(* Let $(X,\mu)$ and $(Y,\nu)$ be probability spaces and $R$ a measure on $X\times Y$. For $\phi\colon Y\to\mathbb{R}$ let $$\phi^+(x)=\ln\Big(\int_Y e^{\phi(y)}\,R(dx,dy)/\mu(dx)\Big)$$ (a Radon--Nikodym derivative, assumed well-defined). Let $F(\phi)=\int_X\phi^+\,d\mu$ and let $F^*$ be its convex conjugate. Let $\phi,\widetilde\phi\colon Y\to\mathbb{R}$ be two potentials. Set $$\pi(dx,dy)=e^{\phi(y)-\phi^+(x)}R(dx,dy),\qquad \widetilde\pi(dx,dy)=e^{\widetilde\phi(y)-\widetilde\phi^+(x)}R(dx,dy),$$ and let $\rho$ and $\widetilde\rho$ be their respective $Y$-marginals. Then $$F(\phi|\widetilde\phi)=F^*(\widetilde\rho|\rho)=H(\widetilde\pi|\pi),$$ where $H(\widetilde\pi|\pi)=\iint\ln(\widetilde\pi/\pi)\,d\widetilde\pi$.
   Context: For a differentiable convex functional $G$, its Bregman divergence is $$G(a|b)=G(a)-G(b)-\langle G'(b),a-b\rangle,$$ where $G'$ is the derivative (first variation) and $\langle\cdot,\cdot\rangle$ is the pairing between functions and measures, $\langle\phi,\rho\rangle=\int\phi\,d\rho$. The convex conjugate is $F^*(\rho)=\sup_\phi\langle\phi,\rho\rangle-F(\phi)$. One has $F'(\phi)=\rho$ and $F'(\widetilde\phi)=\widetilde\rho$, and the $X$-marginals of $\pi$ and $\widetilde\pi$ are $\mu$. *)

theory Defs
  imports "HOL-Probability.Probability"
begin

definition xmarg_exp :: "'a measure \<Rightarrow> ('a \<times> 'b) measure \<Rightarrow> ('b \<Rightarrow> real) \<Rightarrow> 'a measure" where
  "xmarg_exp M R \<phi> = distr (density R (\<lambda>p. ennreal (exp (\<phi> (snd p))))) M fst"

definition cplus :: "'a measure \<Rightarrow> ('a \<times> 'b) measure \<Rightarrow> ('b \<Rightarrow> real) \<Rightarrow> 'a \<Rightarrow> real" where
  "cplus M R \<phi> x = ln (enn2real (RN_deriv M (xmarg_exp M R \<phi>) x))"

definition cplus_welldef :: "'a measure \<Rightarrow> ('a \<times> 'b) measure \<Rightarrow> ('b \<Rightarrow> real) \<Rightarrow> bool" where
  "cplus_welldef M R \<phi> \<longleftrightarrow>
     (\<exists>g \<in> borel_measurable M. (\<forall>x. 0 < g x) \<and> xmarg_exp M R \<phi> = density M (\<lambda>x. ennreal (g x)))"

definition Ffun :: "'a measure \<Rightarrow> ('a \<times> 'b) measure \<Rightarrow> ('b \<Rightarrow> real) \<Rightarrow> real" where
  "Ffun M R \<phi> = (\<integral>x. cplus M R \<phi> x \<partial>M)"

* [Required action] Nothing but the complete listing, repeated exactly, belongs in the answer.

* [Result below]
(* Let $(X,\mu)$ and $(Y,\nu)$ be probability spaces and $R$ a measure on $X\times Y$. For $\phi\colon Y\to\mathbb{R}$ let $$\phi^+(x)=\ln\Big(\int_Y e^{\phi(y)}\,R(dx,dy)/\mu(dx)\Big)$$ (a Radon--Nikodym derivative, assumed well-defined). Let $F(\phi)=\int_X\phi^+\,d\mu$ and let $F^*$ be its convex conjugate. Let $\phi,\widetilde\phi\colon Y\to\mathbb{R}$ be two potentials. Set $$\pi(dx,dy)=e^{\phi(y)-\phi^+(x)}R(dx,dy),\qquad \widetilde\pi(dx,dy)=e^{\widetilde\phi(y)-\widetilde\phi^+(x)}R(dx,dy),$$ and let $\rho$ and $\widetilde\rho$ be their respective $Y$-marginals. Then $$F(\phi|\widetilde\phi)=F^*(\widetilde\rho|\rho)=H(\widetilde\pi|\pi),$$ where $H(\widetilde\pi|\pi)=\iint\ln(\widetilde\pi/\pi)\,d\widetilde\pi$.
   Context: For a differentiable convex functional $G$, its Bregman divergence is $$G(a|b)=G(a)-G(b)-\langle G'(b),a-b\rangle,$$ where $G'$ is the derivative (first variation) and $\langle\cdot,\cdot\rangle$ is the pairing between functions and measures, $\langle\phi,\rho\rangle=\int\phi\,d\rho$. The convex conjugate is $F^*(\rho)=\sup_\phi\langle\phi,\rho\rangle-F(\phi)$. One has $F'(\phi)=\rho$ and $F'(\widetilde\phi)=\widetilde\rho$, and the $X$-marginals of $\pi$ and $\widetilde\pi$ are $\mu$. *)

theory Defs
  imports "HOL-Probability.Probability"
begin

definition xmarg_exp :: "'a measure \<Rightarrow> ('a \<times> 'b) measure \<Rightarrow> ('b \<Rightarrow> real) \<Rightarrow> 'a measure" where
  "xmarg_exp M R \<phi> = distr (density R (\<lambda>p. ennreal (exp (\<phi> (snd p))))) M fst"

definition cplus :: "'a measure \<Rightarrow> ('a \<times> 'b) measure \<Rightarrow> ('b \<Rightarrow> real) \<Rightarrow> 'a \<Rightarrow> real" where
  "cplus M R \<phi> x = ln (enn2real (RN_deriv M (xmarg_exp M R \<phi>) x))"

definition cplus_welldef :: "'a measure \<Rightarrow> ('a \<times> 'b) measure \<Rightarrow> ('b \<Rightarrow> real) \<Rightarrow> bool" where
  "cplus_welldef M R \<phi> \<longleftrightarrow>
     (\<exists>g \<in> borel_measurable M. (\<forall>x. 0 < g x) \<and> xmarg_exp M R \<phi> = density M (\<lambda>x. ennreal (g x)))"

definition Ffun :: "'a measure \<Rightarrow> ('a \<times> 'b) measure \<Rightarrow> ('b \<Rightarrow> real) \<Rightarrow> real" where
  "Ffun M R \<phi> = (\<integral>x. cplus M R \<phi> x \<partial>M)"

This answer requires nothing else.